• **TASK REQUIREMENTS**: A faithful transcription of the entries below is required.

• **LISTED RECORDS**:
lemma tail_null:
  assumes x: "0 \<le> x" and k: "cutoff x \<le> k"
  shows "m (pprt (x - k *\<^sub>R (p + q))) = 0"
proof -
  have "cutoff x *\<^sub>R (p + q) \<le> k *\<^sub>R (p + q)"
    using k p_nonneg q_nonneg by (intro scaleR_right_mono) simp_all
  then have "m (pprt (x - k *\<^sub>R (p + q))) \<le> m (pprt (x - cutoff x *\<^sub>R (p + q)))"
    by (intro m_mono pprt_mono diff_left_mono)
  then show ?thesis
    using cutoff_spec[OF x] m_nonneg[of "pprt (x - k *\<^sub>R (p + q))"] by simp
qed

lemma split_by_pq:
  assumes x: "0 \<le> x" and k: "0 \<le> k"
  shows "x = inf x (k *\<^sub>R p) + inf x (k *\<^sub>R q) + pprt (x - k *\<^sub>R (p + q))"
proof -
  have "inf (k *\<^sub>R p) (k *\<^sub>R q) = 0"
    using k inf_pq by (simp add: inf_scaleR_eq_zero)
  then have "inf x (k *\<^sub>R (p + q)) = inf x (k *\<^sub>R p) + inf x (k *\<^sub>R q)"
    using x by (simp add: scaleR_add_right inf_add_distrib_if_inf_eq_zero)
  then show ?thesis
    using inf_eq_diff_pprt[of x "k *\<^sub>R (p + q)"] by (simp add: algebra_simps)
qed

lemma dominated_split:
  assumes g: "dominated_by m g" and x: "0 \<le> x" and k: "cutoff x \<le> k"
  shows "g x = g (inf x (k *\<^sub>R p)) + g (inf x (k *\<^sub>R q))"
proof -
  have "0 \<le> k"
    using cutoff_spec[OF x] k by linarith
  then have "g x = g (inf x (k *\<^sub>R p)) + g (inf x (k *\<^sub>R q)) + g (pprt (x - k *\<^sub>R (p + q)))"
    using g split_by_pq[OF x] unfolding dominated_by_def by (metis linear_add)
  moreover have "g (pprt (x - k *\<^sub>R (p + q))) = 0"
    using tail_null[OF x k] by (intro dominated_by_null[OF g]) simp_all
  ultimately show ?thesis
    by simp
qed

definition component :: "('a \<Rightarrow> real) \<Rightarrow> 'a \<Rightarrow> real" where
  "component g x = g (inf x (cutoff x *\<^sub>R p))"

• **SOLUTION TO THIS EXERCISE**:
lemma tail_null:
  assumes x: "0 \<le> x" and k: "cutoff x \<le> k"
  shows "m (pprt (x - k *\<^sub>R (p + q))) = 0"
proof -
  have "cutoff x *\<^sub>R (p + q) \<le> k *\<^sub>R (p + q)"
    using k p_nonneg q_nonneg by (intro scaleR_right_mono) simp_all
  then have "m (pprt (x - k *\<^sub>R (p + q))) \<le> m (pprt (x - cutoff x *\<^sub>R (p + q)))"
    by (intro m_mono pprt_mono diff_left_mono)
  then show ?thesis
    using cutoff_spec[OF x] m_nonneg[of "pprt (x - k *\<^sub>R (p + q))"] by simp
qed

lemma split_by_pq:
  assumes x: "0 \<le> x" and k: "0 \<le> k"
  shows "x = inf x (k *\<^sub>R p) + inf x (k *\<^sub>R q) + pprt (x - k *\<^sub>R (p + q))"
proof -
  have "inf (k *\<^sub>R p) (k *\<^sub>R q) = 0"
    using k inf_pq by (simp add: inf_scaleR_eq_zero)
  then have "inf x (k *\<^sub>R (p + q)) = inf x (k *\<^sub>R p) + inf x (k *\<^sub>R q)"
    using x by (simp add: scaleR_add_right inf_add_distrib_if_inf_eq_zero)
  then show ?thesis
    using inf_eq_diff_pprt[of x "k *\<^sub>R (p + q)"] by (simp add: algebra_simps)
qed

lemma dominated_split:
  assumes g: "dominated_by m g" and x: "0 \<le> x" and k: "cutoff x \<le> k"
  shows "g x = g (inf x (k *\<^sub>R p)) + g (inf x (k *\<^sub>R q))"
proof -
  have "0 \<le> k"
    using cutoff_spec[OF x] k by linarith
  then have "g x = g (inf x (k *\<^sub>R p)) + g (inf x (k *\<^sub>R q)) + g (pprt (x - k *\<^sub>R (p + q)))"
    using g split_by_pq[OF x] unfolding dominated_by_def by (metis linear_add)
  moreover have "g (pprt (x - k *\<^sub>R (p + q))) = 0"
    using tail_null[OF x k] by (intro dominated_by_null[OF g]) simp_all
  ultimately show ?thesis
    by simp
qed

definition component :: "('a \<Rightarrow> real) \<Rightarrow> 'a \<Rightarrow> real" where
  "component g x = g (inf x (cutoff x *\<^sub>R p))"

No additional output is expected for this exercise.